Let’s answer the first question mentioned earlier. The first question is, can I use the patented invention? In this case, it cannot be used in certain situations. For example, let’s say that Company A has registered Invention A first. If Company B then files for A+B, it will be possible to register it if it is inventive. However, if Eul implements his invention, it will infringe on the patent of A because it falls within the scope of the rights of A’s pre-registered invention due to the peripheral limitation described above. In this case, Eul cannot implement his invention even though it is registered. In other words, whether it is registered or whether the right is exercised are separate issues, and the right may not be exercised even though it is registered. Does Eul not need to register his invention? No, he does. In this case, Eul’s invention is more advanced than G’s invention, so G’s invention will be less in demand in the market. Therefore, G wants to sell Eul’s invention, but doing so would be an infringement of the invention. At this point, G and Eul can enter into an agreement that allows each to use the other’s invention. Therefore, Eul needs to register these inventions.
Let’s answer the second question. The second question is, can you file a claim for infringement when someone else is selling a copycat product? Again, the answer is no. As we have seen, if you narrow the scope of your patent claims, there will always be a way to avoid infringement.

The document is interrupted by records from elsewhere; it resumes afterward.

(* Let $\mathcal{H}_A,\mathcal{H}_B,\mathcal{H}_C$ be finite-dimensional Hilbert spaces with fixed reference bases of $\mathcal{H}_A$ and $\mathcal{H}_B$ (and the product basis on $\mathcal{H}_A\otimes\mathcal{H}_B$). For every state $\rho_{ABC}$ on $\mathcal{H}_A\otimes\mathcal{H}_B\otimes\mathcal{H}_C$ with reduced states $\rho_{AC},\rho_{BC}$, $$C^{AB|C}_f(\rho_{ABC})\geq C^{A|BC}_f(\rho_{ABC})+C^{B|C}_f(\rho_{BC}),$$ and consequently $$C^{AB|C}_f(\rho_{ABC})\geq C^{A|C}_f(\rho_{AC})+C^{B|C}_f(\rho_{BC}).$$
   Context: $S$ is the von Neumann entropy. For a bipartite split $X|Y$ where $X$ has a fixed reference basis $\{|k\rangle_X\}$, $\Delta_X(\rho)=\sum_k(|k\rangle\langle k|_X\otimes I_Y)\rho(|k\rangle\langle k|_X\otimes I_Y)$. The IQ coherence of formation is $C^{X|Y}_f(\rho_{XY})=\min\sum_ip_iS(\Delta_X(|\psi_i\rangle\langle\psi_i|_{XY}))$, minimized over all pure-state decompositions $\rho_{XY}=\sum_ip_i|\psi_i\rangle\langle\psi_i|_{XY}$. *)

theory Defs
  imports "Jordan_Normal_Form.Char_Poly"
begin

text \<open>A composite system with local dimensions d1, d2 is indexed by i = i1 * d2 + i2
(Kronecker / product-basis ordering).\<close>

definition density_mat :: "nat \<Rightarrow> complex mat \<Rightarrow> bool" where
  "density_mat n \<rho> \<longleftrightarrow> \<rho> \<in> carrier_mat n n
     \<and> (\<forall>i<n. \<forall>j<n. \<rho> $$ (j, i) = cnj (\<rho> $$ (i, j)))
     \<and> (\<forall>v \<in> carrier_vec n. 0 \<le> Re (\<Sum>i<n. \<Sum>j<n. cnj (v $ i) * \<rho> $$ (i, j) * v $ j))
     \<and> (\<Sum>i<n. \<rho> $$ (i, i)) = 1"

definition eigenvalue_list :: "complex mat \<Rightarrow> complex list" where
  "eigenvalue_list A = (SOME es. char_poly A = (\<Prod>a\<leftarrow>es. [:- a, 1:]))"

definition eta :: "real \<Rightarrow> real" where
  "eta x = (if x > 0 then - x * log 2 x else 0)"

definition vn_entropy :: "complex mat \<Rightarrow> real" where
  "vn_entropy \<rho> = (\<Sum>a\<leftarrow>eigenvalue_list \<rho>. eta (Re a))"

definition proj :: "nat \<Rightarrow> complex vec \<Rightarrow> complex mat" where
  "proj n \<psi> = mat n n (\<lambda>(i, j). \<psi> $ i * cnj (\<psi> $ j))"

definition unit_vec :: "nat \<Rightarrow> complex vec \<Rightarrow> bool" where
  "unit_vec n \<psi> \<longleftrightarrow> \<psi> \<in> carrier_vec n \<and> (\<Sum>i<n. (cmod (\<psi> $ i))\<^sup>2) = 1"

definition pure_decomp :: "nat \<Rightarrow> complex mat \<Rightarrow> (real \<times> complex vec) list \<Rightarrow> bool" where
  "pure_decomp n \<rho> ds \<longleftrightarrow>
     (\<forall>(p, \<psi>) \<in> set ds. 0 \<le> p \<and> unit_vec n \<psi>)
     \<and> (\<forall>i<n. \<forall>j<n. \<rho> $$ (i, j) = (\<Sum>(p, \<psi>)\<leftarrow>ds. complex_of_real p * \<psi> $ i * cnj (\<psi> $ j)))"

text \<open>Dephasing Delta_X on a bipartite system X|Y (dimensions dX, dY):
sum_k (|k><k|_X (x) I_Y) sigma (|k><k|_X (x) I_Y).\<close>
definition dephase :: "nat \<Rightarrow> nat \<Rightarrow> complex mat \<Rightarrow> complex mat" where
  "dephase dX dY \<sigma> = mat (dX * dY) (dX * dY)
     (\<lambda>(i, j). if i div dY = j div dY then \<sigma> $$ (i, j) else 0)"

definition coh_form :: "nat \<Rightarrow> nat \<Rightarrow> complex mat \<Rightarrow> real" where
  "coh_form dX dY \<rho> = (INF ds \<in> {ds. pure_decomp (dX * dY) \<rho> ds}.
      (\<Sum>(p, \<psi>)\<leftarrow>ds. p * vn_entropy (dephase dX dY (proj (dX * dY) \<psi>))))"

text \<open>Partial traces on a tripartite system with dimensions d1, d2, d3
(index (i1 * d2 + i2) * d3 + i3).\<close>
definition ptrace_first :: "nat \<Rightarrow> nat \<Rightarrow> nat \<Rightarrow> complex mat \<Rightarrow> complex mat" where
  "ptrace_first d1 d2 d3 \<rho> = mat (d2 * d3) (d2 * d3)
     (\<lambda>(i, j). \<Sum>k<d1. \<rho> $$ (k * (d2 * d3) + i, k * (d2 * d3) + j))"

definition ptrace_mid :: "nat \<Rightarrow> nat \<Rightarrow> nat \<Rightarrow> complex mat \<Rightarrow> complex mat" where
  "ptrace_mid d1 d2 d3 \<rho> = mat (d1 * d3) (d1 * d3)
     (\<lambda>(i, j). \<Sum>k<d2. \<rho> $$ (((i div d3) * d2 + k) * d3 + i mod d3,
                               ((j div d3) * d2 + k) * d3 + j mod d3))"

end

theory Submission
  imports Defs
begin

So, what kind of patent should we get? In order to efficiently use your invention in the market and prevent others from infringing on it, you first need to set the scope of your invention’s rights as wide as possible. In other words, when drafting claims in a patent specification, you should avoid including components that are not necessary for your invention. Only the essential parts of the invention should be included in the claims, and the claims should be drafted to cover only your own invention. You should draft the claims around the parts of your invention that are effective, and thoroughly review them to prevent competitors from easily changing other parts.

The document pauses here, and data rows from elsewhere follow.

lemma periodic_factor_in_L:
  assumes "i < k" "k \<le> length w + q"
  shows "map (periodic_ext w q) [i..<k] \<in> L"
proof (rule language_sublist[OF language])
  have "qpow w q 2 = map (periodic_ext w q) [0..<length w + q]"
    using valid qpow_eq_map_periodic_ext[of w q 2] unfolding valid_step_def by simp
  then show "qpow w q 2 \<in> L" "sublist (map (periodic_ext w q) [i..<k]) (qpow w q 2)"
    using valid assms unfolding valid_step_def by (auto intro: sublist_map_upt)
qed (use assms in simp)

lemma window_in_L: "j \<le> q \<Longrightarrow> window j \<in> L"
  unfolding window_def using step_bounds by (intro periodic_factor_in_L) auto

lemma periodic_letter_in_Ex_l:
  assumes "1 \<le> j" "j \<le> q"
  shows "periodic_ext w q (j - 1) \<in> Ex_l L (window j)"
  using periodic_factor_in_L[of "j - 1" "j + length w"] assms step_bounds
  by (simp add: Ex_l_def window_def upt_conv_Cons)

lemma periodic_letter_in_Ex_r:
  assumes "m < q"
  shows "periodic_ext w q (length w + m) \<in> Ex_r L (window m)"
  using periodic_factor_in_L[of m "Suc (m + length w)"] assms step_bounds
  by (simp add: Ex_r_def window_def add.commute)

lemma inj_on_window:
  assumes "\<And>j j'. j \<in> J \<Longrightarrow> j' \<in> J \<Longrightarrow> j < j' \<Longrightarrow> j' < j + q"
  shows "inj_on window J"
proof (rule inj_onI, rule ccontr)
  fix j j' assume "j \<in> J" "j' \<in> J" "window j = window j'" "j \<noteq> j'"
  then show False
    using windows_distinct_of_min_valid_step[OF language valid minimal] assms
    unfolding window_def by (metis linorder_neqE_nat)
qed

lemma card_left_exits:
  "int (card left_exits) \<le> int (complexity L (Suc (length w))) - int (complexity L (length w))"
proof -
  have "card left_exits = (\<Sum>v\<in>window ` {1..q}. card (Ex_l L v) - 1)"
    unfolding left_exits_def
  proof (rule card_Sigma_Diff_singleton)
    show "inj_on window {1..q}" by (rule inj_on_window) auto
    show "j \<in> {1..q} \<Longrightarrow> periodic_ext w q (j - 1) \<in> Ex_l L (window j)" for j
      using periodic_letter_in_Ex_l[of j] by simp
  qed (simp_all add: finite_Ex_l[OF language])
  also have "int \<dots> \<le> int (complexity L (Suc (length w))) - int (complexity L (length w))"
    using step_bounds window_in_L
    by (intro left_excess_le_complexity_diff[OF language]) (auto simp: window_def)
  finally show ?thesis by simp
qed

lemma card_right_exits:
  "int (card right_exits) \<le> int (complexity L (Suc (length w))) - int (complexity L (length w))"
proof -
  have "card right_exits = (\<Sum>v\<in>window ` {..<q}. card (Ex_r L v) - 1)"
    unfolding right_exits_def
  proof (rule card_Sigma_Diff_singleton)
    show "inj_on window {..<q}" by (rule inj_on_window) auto
    show "j \<in> {..<q} \<Longrightarrow> periodic_ext w q (length w + j) \<in> Ex_r L (window j)" for j
      using periodic_letter_in_Ex_r[of j] by simp
  qed (simp_all add: finite_Ex_r[OF language])
  also have "int \<dots> \<le> int (complexity L (Suc (length w))) - int (complexity L (length w))"
    using step_bounds window_in_L
    by (intro right_excess_le_complexity_diff[OF language]) (auto simp: window_def)
  finally show ?thesis by simp
qed

lemma exit_words_subset:
  "exit_words L w q \<subseteq> (\<Union>((j, a), (m, b)) \<in> left_exits \<times> right_exits.
      exit_word j a m b ` {r. 1 \<le> r \<and> exit_word j a m b r \<in> L})"
proof
  fix z assume "z \<in> exit_words L w q"
  then obtain j m r a b where jm: "1 \<le> j" "j \<le> q" "m < q" "1 \<le> r"
    "a \<noteq> periodic_ext w q (j - 1)" "b \<noteq> periodic_ext w q (length w + m)"
    and z: "z = exit_word j a m b r" "z \<in> L"
    using exit_word_decomposition[OF valid] unfolding exit_word_def by metis
  have factor: "u \<in> L" if "z = ps @ u @ ss" "u \<noteq> []" for u ps ss
    using language_sublist[OF language _ z(2)] that by simp
  have "q \<le> r * q" using jm(4) by simp
  have "a \<in> Ex_l L (window j)"
  proof -
    have "[j..<length w + r * q + m] = [j..<j + length w] @ [j + length w..<length w + r * q + m]"
      by (intro upt_split; use jm \<open>q \<le> r * q\<close> in linarith)
    then have "z = [] @ (a # window j) @ (map (periodic_ext w q) [j + length w..<length w + r * q + m] @ [b])"
      using z(1) by (simp add: exit_word_def window_def)
    then have "a # window j \<in> L" by (rule factor) simp
    then show ?thesis by (simp add: Ex_l_def)
  qed
  moreover have "b \<in> Ex_r L (window m)"
  proof -
    have "[j..<m + length w + r * q] = [j..<m + r * q] @ [m + r * q..<m + length w + r * q]"
      by (intro upt_split; use jm \<open>q \<le> r * q\<close> in linarith)
    moreover have "map (periodic_ext w q) [m + r * q..<m + length w + r * q] = window m"
      unfolding window_def by (rule map_upt_shift_period) simp
    ultimately have "z = (a # map (periodic_ext w q) [j..<m + r * q]) @ (window m @ [b]) @ []"
      using z(1) by (simp add: exit_word_def ac_simps)
    then have "window m @ [b] \<in> L" by (rule factor) simp
    then show ?thesis by (simp add: Ex_r_def)
  qed
  ultimately have "((j, a), (m, b)) \<in> left_exits \<times> right_exits"
    using jm unfolding left_exits_def right_exits_def by auto
  moreover have "z \<in> exit_word j a m b ` {r. 1 \<le> r \<and> exit_word j a m b r \<in> L}"
    using jm z by auto
  ultimately show "z \<in> (\<Union>((j, a), (m, b)) \<in> left_exits \<times> right_exits.
      exit_word j a m b ` {r. 1 \<le> r \<and> exit_word j a m b r \<in> L})"
    by (auto intro!: bexI[of _ "(j, a)" left_exits] bexI[of _ "(m, b)" right_exits])
qed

In conclusion, the patent system is an important system that promotes inventions by granting exclusive rights to inventors and thereby contributes to industrial development. However, inventors should be careful during the patent application process because the procedures and mechanisms are complicated and difficult. In order to protect the technology they have invented as much as possible, inventors must carefully draft the claims when preparing the patent specification and set the scope of the rights so that their invention can be used effectively in the market.